Сморода прикинул в уме, сколько монет это принесёт в казну, и аж зарумянился. Вопреки привычке, налил не медовухи, а дорогого заморского вина, махом осушил кубок и с удовольствием заел пирогом с вязигой. Наклонился к князю и прошептал:

– Понял, княже, зачем они про силу твоей дружины спрашивали?

– Чтобы разговор поддержать, – беззаботно ответил Дмитрий.

– А вот и нет. Присматриваются к тебе. Вот увидишь – пригласят на новгородское княжение. Ох, и заживём тогда!



– Скажешь тоже, – рассмеялся князь, – куда нам, у нас вся дружина – две сотни конных, да половцев полсотни.

– Им важнее, чтобы князь умный был да воинской доблестью прославленный. А дружину на их-то деньги можно любую собрать. Ты уж меня не забудь с собой взять, когда на стол в Великий Новгород поедешь.

– Так и быть, возьму, – улыбнулся Дмитрий, – чтобы они тебе в брюхо вместо вечевого колокола били. Звук-то не хуже выйдет, как думаешь?

– Смейся, смейся.
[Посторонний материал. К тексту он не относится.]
lemma card_laminar_le:
  assumes "finite X" "laminar G" "\<forall>R\<in>G. R \<subseteq> X \<and> 2 \<le> card R"
  shows "card G \<le> card X - 1"
  using assms
proof (induction "card X" arbitrary: X G rule: less_induct)
  case less
  show ?case
  proof (cases "G = {}")
    case False
    have "finite G" using less.prems finite_subset[of G "Pow X"] by auto
    then obtain T where "T \<in> G" "\<forall>R\<in>G. R \<subseteq> T \<longrightarrow> T = R"
      using finite_has_minimal[OF _ False] by blast
    then have T: "T \<in> G" "\<forall>R\<in>G. \<not> R \<subset> T" by auto
    have "T \<subseteq> X" "2 \<le> card T" using T(1) less.prems by auto
    then obtain v where v: "v \<in> T" "T - {v} \<noteq> {}"
      using card_le_Suc0_iff_eq[of T] by (cases "finite T") auto
    have members: "\<forall>R\<in>G. finite R \<and> 2 \<le> card R"
      using less.prems by (auto intro: finite_subset)
    define G' where "G' = (\<lambda>R. R - {v}) ` (G - {T})"
    have inj: "inj_on (\<lambda>R. R - {v}) (G - {T})"
      using inj_on_Diff_minimal[OF less.prems(2) T v] inj_on_subset by blast
    have "laminar G'"
      unfolding G'_def using laminar_image_Diff laminar_subset[OF less.prems(2), of "G - {T}"] by simp
    moreover have "\<forall>R'\<in>G'. R' \<subseteq> X - {v} \<and> 2 \<le> card R'"
      using two_le_card_Diff_minimal_point[OF less.prems(2) members T v(1)] less.prems(3)
      unfolding G'_def by blast
    moreover have "card (X - {v}) < card X"
      using card_Diff1_less[OF less.prems(1)] v(1) \<open>T \<subseteq> X\<close> by blast
    ultimately have "card G' \<le> card (X - {v}) - 1" using less.hyps less.prems(1) by simp
    moreover have "card G' = card G - 1"
      unfolding G'_def using card_image[OF inj] T(1) \<open>finite G\<close> by simp
    moreover have "card G \<noteq> 0" using \<open>finite G\<close> False by simp
    moreover have "card (X - {v}) = card X - 1"
      using v(1) \<open>T \<subseteq> X\<close> by (simp add: card_Diff_singleton subsetD)
    moreover have "2 \<le> card X"
      using card_mono[OF less.prems(1) \<open>T \<subseteq> X\<close>] \<open>2 \<le> card T\<close> by simp
    ultimately show ?thesis by linarith
  qed simp
qed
Попомнишь ещё мои мудрые слова.

Дмитрий довольно поглаживал отделанные серебром ножны новенького меча, потому легко согласился принять фряжского чернеца. Переводить с латыни взялся иеромонах Филарет, постоянный спутник князя и будущий учитель княжича: сам Дмитрий язык порядочно подзабыл и не надеялся, что всё поймёт из сказанного гостем.

Папежник говорил долго и пространно, закатывал глаза и помогал руками; Филарет переводил, стараясь максимально передать интонацию; Сморода быстро задремал, лишь изредка всхрапывая и кивая – мол, согласен с оратором.
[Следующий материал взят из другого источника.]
lemma set_pair_word_subset:
  "length ys = length us \<Longrightarrow> set ys \<subseteq> carrier G \<Longrightarrow> set us \<subseteq> carrier G
    \<Longrightarrow> set (pair_word G ys us) \<subseteq> carrier G"
  by (induction ys us rule: list_induct2) auto

lemma pair_word_in_tuples:
  "ys \<in> tuples G n \<Longrightarrow> us \<in> tuples G n
    \<Longrightarrow> pair_word G ys us \<in> tuples G (2 * n) \<and> word_pairs G (pair_word G ys us) = (ys, us)"
proof (induction n arbitrary: ys us)
  case (Suc n)
  then obtain y ys' u us' where "ys = y # ys'" "us = u # us'"
    by (auto simp: tuples_def length_Suc_conv)
  with Suc show ?case
    by (auto simp: tuples_def)
qed (simp add: tuples_def)

lemma word_pairs_in_tuples:
  "as \<in> tuples G (2 * n)
    \<Longrightarrow> word_pairs G as \<in> tuples G n \<times> tuples G n \<and> case_prod (pair_word G) (word_pairs G as) = as"
proof (induction n arbitrary: as)
  case (Suc n)
  have "2 * Suc n = Suc (Suc (2 * n))"
    by simp
  with Suc.prems obtain a b as' where as: "as = a # b # as'" "as' \<in> tuples G (2 * n)"
    by (auto simp: tuples_def length_Suc_conv)
  obtain ys us where "word_pairs G as' = (ys, us)"
    by fastforce
  with as Suc.prems Suc.IH[OF as(2)] show ?case
    by (auto simp: tuples_def)
qed (simp add: tuples_def)

lemma bij_betw_pair_word:
  "bij_betw (case_prod (pair_word G)) (tuples G n \<times> tuples G n) (tuples G (2 * n))"
  by (rule bij_betw_byWitness[where f'="word_pairs G"])
     (auto dest: pair_word_in_tuples word_pairs_in_tuples)

lemma gprod_pair_word:
  "length ys = length us \<Longrightarrow> set ys \<subseteq> carrier G \<Longrightarrow> set us \<subseteq> carrier G
    \<Longrightarrow> gprod G (pair_word G ys us) = gprod G ys"
  by (induction ys us rule: list_induct2) (auto simp: m_assoc)

lemma gprod_rev_pair_word:
  "length ys = length us \<Longrightarrow> set ys \<subseteq> carrier G \<Longrightarrow> set us \<subseteq> carrier G
    \<Longrightarrow> gprod G (rev (pair_word G ys us)) = gprod G (rev (map2 (conj_by G) us ys))"
proof (induction ys us rule: list_induct2)
  case (Cons y ys u us)
  then have "set (pair_word G ys us) \<subseteq> carrier G" "set (map2 (conj_by G) us ys) \<subseteq> carrier G"
    using set_pair_word_subset set_map2_conj_by_subset by auto
  with Cons show ?case
    by (simp add: gprod_append conj_by_def m_assoc)
qed simp

end

section \<open>Counting products of conjugates\<close>

definition prod_count :: "('a, 'b) monoid_scheme \<Rightarrow> 'a set list \<Rightarrow> 'a \<Rightarrow> nat" where
  "prod_count G As g = card {ws \<in> listset As. gprod G ws = g}"

locale finite_group = group +
  assumes finite_carrier: "finite (carrier G)"
begin

lemma card_conjugators:
  assumes x: "x \<in> carrier G" and w: "w \<in> conj_class G x"
  shows "card {b \<in> carrier G. conj_by G b x = w} = card (centralizer G x)"
proof -
  obtain b0 where b0: "b0 \<in> carrier G" and w_eq: "w = conj_by G b0 x"
    using w by (auto simp: conj_class_eq_image)
  have "{b \<in> carrier G. conj_by G b x = w} = (\<lambda>c. c \<otimes> b0) ` centralizer G x"
  proof (intro equalityI subsetI)
    fix b assume b: "b \<in> {b \<in> carrier G. conj_by G b x = w}"
    then have "b \<otimes> inv b0 \<in> centralizer G x"
      using b0 x w_eq by (auto simp: centralizer_def conj_by_mult)
    moreover have "b = b \<otimes> inv b0 \<otimes> b0"
      using b b0 by (simp add: m_assoc)
    ultimately show "b \<in> (\<lambda>c. c \<otimes> b0) ` centralizer G x"
      by blast
  qed (use b0 x w_eq in \<open>auto simp: centralizer_def conj_by_mult\<close>)
  moreover have "inj_on (\<lambda>c. c \<otimes> b0) (centralizer G x)"
    using b0 by (auto simp: inj_on_def centralizer_def)
  ultimately show ?thesis
    by (simp add: card_image)
qed

lemma sum_conj_by_eq_sum_conj_class:
  fixes f :: "'a \<Rightarrow> 'c :: comm_semiring_1"
  assumes x: "x \<in> carrier G"
  shows "(\<Sum>b\<in>carrier G. f (conj_by G b x)) = of_nat (card (centralizer G x)) * (\<Sum>w\<in>conj_class G x. f w)"
proof -
  have "(\<Sum>b\<in>carrier G. f (conj_by G b x))
      = (\<Sum>w\<in>conj_class G x. \<Sum>b\<in>{b \<in> carrier G. conj_by G b x = w}. f (conj_by G b x))"
    unfolding conj_class_eq_image by (rule sum.image_gen[OF finite_carrier])
  also have "\<dots> = (\<Sum>w\<in>conj_class G x. of_nat (card (centralizer G x)) * f w)"
    by (intro sum.cong refl, subst sum.cong[OF refl, where h = "\<lambda>_. f w" for w])
       (auto simp: card_conjugators x)
  finally show ?thesis
    by (simp add: sum_distrib_left)
qed

lemma card_centralizer_mult_card_conj_class:
  "x \<in> carrier G \<Longrightarrow> card (centralizer G x) * card (conj_class G x) = card (carrier G)"
  using sum_conj_by_eq_sum_conj_class[of x "\<lambda>_. 1 :: nat"] by simp

lemma finite_listset_carrier: "\<forall>A\<in>set As. A \<subseteq> carrier G \<Longrightarrow> finite (listset As)"
  using finite_carrier by (auto intro: finite_listset finite_subset)

lemma prod_count_eq_sum:
  "\<forall>A\<in>set As. A \<subseteq> carrier G \<Longrightarrow> prod_count G As g = (\<Sum>ws\<in>listset As. of_bool (gprod G ws = g))"
  by (simp add: prod_count_def card_filter_eq_sum finite_listset_carrier)

lemma prod_count_Cons:
  assumes "A \<subseteq> carrier G" "\<forall>B\<in>set As. B \<subseteq> carrier G" "g \<in> carrier G"
  shows "prod_count G (A # As) g = (\<Sum>a\<in>A. prod_count G As (inv a \<otimes> g))"
  using assms listset_subset_carrier[OF assms(2)]
  by (auto simp: prod_count_eq_sum sum_listset_Cons inv_solve_left eq_commute[of g]
      simp del: listset.simps(2) intro!: sum.cong)

lemma prod_count_snoc:
  assumes A: "A \<subseteq> carrier G" and As: "\<forall>B\<in>set As. B \<subseteq> carrier G" and g: "g \<in> carrier G"
  shows "prod_count G (As @ [A]) g = (\<Sum>a\<in>A. prod_count G As (g \<otimes> inv a))"
proof -
  have "prod_count G (As @ [A]) g = (\<Sum>ws\<in>listset As. \<Sum>a\<in>A. of_bool (gprod G (ws @ [a]) = g))"
    using A As by (simp add: prod_count_eq_sum sum_listset_snoc)
  also have "\<dots> = (\<Sum>a\<in>A. \<Sum>ws\<in>listset As. of_bool (gprod G (ws @ [a]) = g))"
    by (rule sum.swap)
  also have "\<dots> = (\<Sum>a\<in>A. prod_count G As (g \<otimes> inv a))"
    using A As g listset_subset_carrier[OF As]
    by (auto simp: prod_count_eq_sum gprod_append inv_solve_right eq_commute[of g] intro!: sum.cong)
  finally show ?thesis .
qed

lemma prod_count_conj_by:
  assumes As: "set As \<subseteq> conj_classes G" and h: "h \<in> carrier G" and g: "g \<in> carrier G"
  shows "prod_count G As (conj_by G h g) = prod_count G As g"
proof -
  have carrier: "set ws \<subseteq> carrier G" if "ws \<in> listset As" for ws
    by (rule listset_subset_carrier[OF _ that]) (use As conj_classes_subset_carrier in blast)
  have cancel: "map (conj_by G (inv h)) (map (conj_by G h) ws) = ws"
    "map (conj_by G h) (map (conj_by G (inv h)) ws) = ws" if "ws \<in> listset As" for ws
    using carrier[OF that] h by (auto intro!: map_idI)
  have "bij_betw (map (conj_by G (inv h)))
          {ws \<in> listset As. gprod G ws = conj_by G h g} {ws \<in> listset As. gprod G ws = g}"
    by (rule bij_betw_byWitness[where f' = "map (conj_by G h)"])
       (use As h g carrier cancel in \<open>auto simp: gprod_map_conj_by map_conj_by_in_listset\<close>)
  then show ?thesis
    unfolding prod_count_def by (rule bij_betw_same_card)
qed

text \<open>Moving the last factor to the front is a conjugation, which does not change the count.\<close>

lemma prod_count_rev:
  assumes "set As \<subseteq> conj_classes G" "g \<in> carrier G"
  shows "prod_count G (rev As) g = prod_count G As g"
  using assms
proof (induction As arbitrary: g)
  case (Cons A As)
  have A: "A \<subseteq> carrier G" and As: "\<forall>B\<in>set As. B \<subseteq> carrier G"
    using Cons.prems conj_classes_subset_carrier by auto
  have "prod_count G (rev (A # As)) g = (\<Sum>a\<in>A. prod_count G (rev As) (g \<otimes> inv a))"
    using A As Cons.prems by (simp add: prod_count_snoc)
  also have "\<dots> = (\<Sum>a\<in>A. prod_count G As (g \<otimes> inv a))"
    using A Cons by (intro sum.cong refl Cons.IH) auto
  also have "\<dots> = (\<Sum>a\<in>A. prod_count G As (conj_by G a (g \<otimes> inv a)))"
    using A Cons.prems by (intro sum.cong refl prod_count_conj_by[symmetric]) auto
  also have "\<dots> = (\<Sum>a\<in>A. prod_count G As (inv a \<otimes> g))"
    using A Cons.prems by (intro sum.cong refl) (auto simp: conj_by_def m_assoc)
  also have "\<dots> = prod_count G (A # As) g"
    using A As Cons.prems by (simp add: prod_count_Cons)
  finally show ?case .
qed simp

lemma card_conj_prod:
  assumes "set xs \<subseteq> carrier G" "g \<in> carrier G"
  shows "card {bs \<in> tuples G (length xs). gprod G (map2 (conj_by G) bs xs) = g}
       = (\<Prod>x\<leftarrow>xs. card (centralizer G x)) * prod_count G (map (conj_class G) xs) g"
  using assms
proof (induction xs arbitrary: g)
  case Nil
  then show ?case
    by (auto simp: tuples_def prod_count_def intro!: arg_cong[where f = card])
next
  case (Cons x xs)
  let ?count = "\<lambda>g. card {bs \<in> tuples G (length xs). gprod G (map2 (conj_by G) bs xs) = g}"
  let ?z = "\<Prod>x\<leftarrow>xs. card (centralizer G x)"
  have x: "x \<in> carrier G" and xs: "set xs \<subseteq> carrier G" and g: "g \<in> carrier G"
    using Cons.prems by auto
  have classes: "\<forall>C\<in>set (map (conj_class G) xs). C \<subseteq> carrier G"
    using xs conj_class_subset_carrier by auto
  have map2_carrier: "set (map2 (conj_by G) bs xs) \<subseteq> carrier G" if "bs \<in> tuples G (length xs)" for bs
    using that xs by (intro set_map2_conj_by_subset) (auto simp: tuples_def)
  have "card {bs \<in> tuples G (length (x # xs)). gprod G (map2 (conj_by G) bs (x # xs)) = g}
      = (\<Sum>b\<in>carrier G. \<Sum>bs\<in>tuples G (length xs).
           of_bool (conj_by G b x \<otimes> gprod G (map2 (conj_by G) bs xs) = g))"
    by (simp add: card_filter_eq_sum finite_tuples finite_carrier sum_tuples_Suc)
  also have "\<dots> = (\<Sum>b\<in>carrier G. ?count (inv (conj_by G b x) \<otimes> g))"
    using x g map2_carrier
    by (auto simp: card_filter_eq_sum finite_tuples finite_carrier inv_solve_left eq_commute[of g]
        intro!: sum.cong)
  also have "\<dots> = (\<Sum>b\<in>carrier G. ?z * prod_count G (map (conj_class G) xs) (inv (conj_by G b x) \<otimes> g))"
    using x g by (intro sum.cong refl Cons.IH xs) auto
  also have "\<dots> = card (centralizer G x) * (\<Sum>w\<in>conj_class G x. ?z * prod_count G (map (conj_class G) xs) (inv w \<otimes> g))"
    using sum_conj_by_eq_sum_conj_class[OF x, of "\<lambda>w. ?z * prod_count G (map (conj_class G) xs) (inv w \<otimes> g)"] by simp
  also have "\<dots> = card (centralizer G x) * ?z * prod_count G (map (conj_class G) (x # xs)) g"
    using x g classes conj_class_subset_carrier[OF x]
    by (simp add: prod_count_Cons sum_distrib_left mult.assoc)
  finally show ?case
    by simp
qed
И Жук утерял нить длинной речи; зато его очень развлекало сходство двух служителей божьих, от чего дружинник прыскал в чёрную бороду. Монахи были похожи, словно единоутробные близнецы: оба в ветхих, но аккуратно заштопанных рясах; оба тощие, длинные, с желтоватой кожей, будто тонкие церковные свечки; только Филарет обладал редкой бородёнкой и сальными волосиками, а папежник был выбрит и сиял тонзурой, как блюдцем, на макушке.

Дмитрий тоже с трудом боролся с дремотой: из долгого повествования понял лишь, что итальянец не является официальным лицом, а путешествует для собственного развития и познания; он прочитал немало книг – все в своей монастырской библиотеке, и решил, что теперь настало время ему, вооружённому знаниями, сделать свой вклад в улучшение мира. Цель его – дойти до самого края мира, неся свет истинной веры дикарям…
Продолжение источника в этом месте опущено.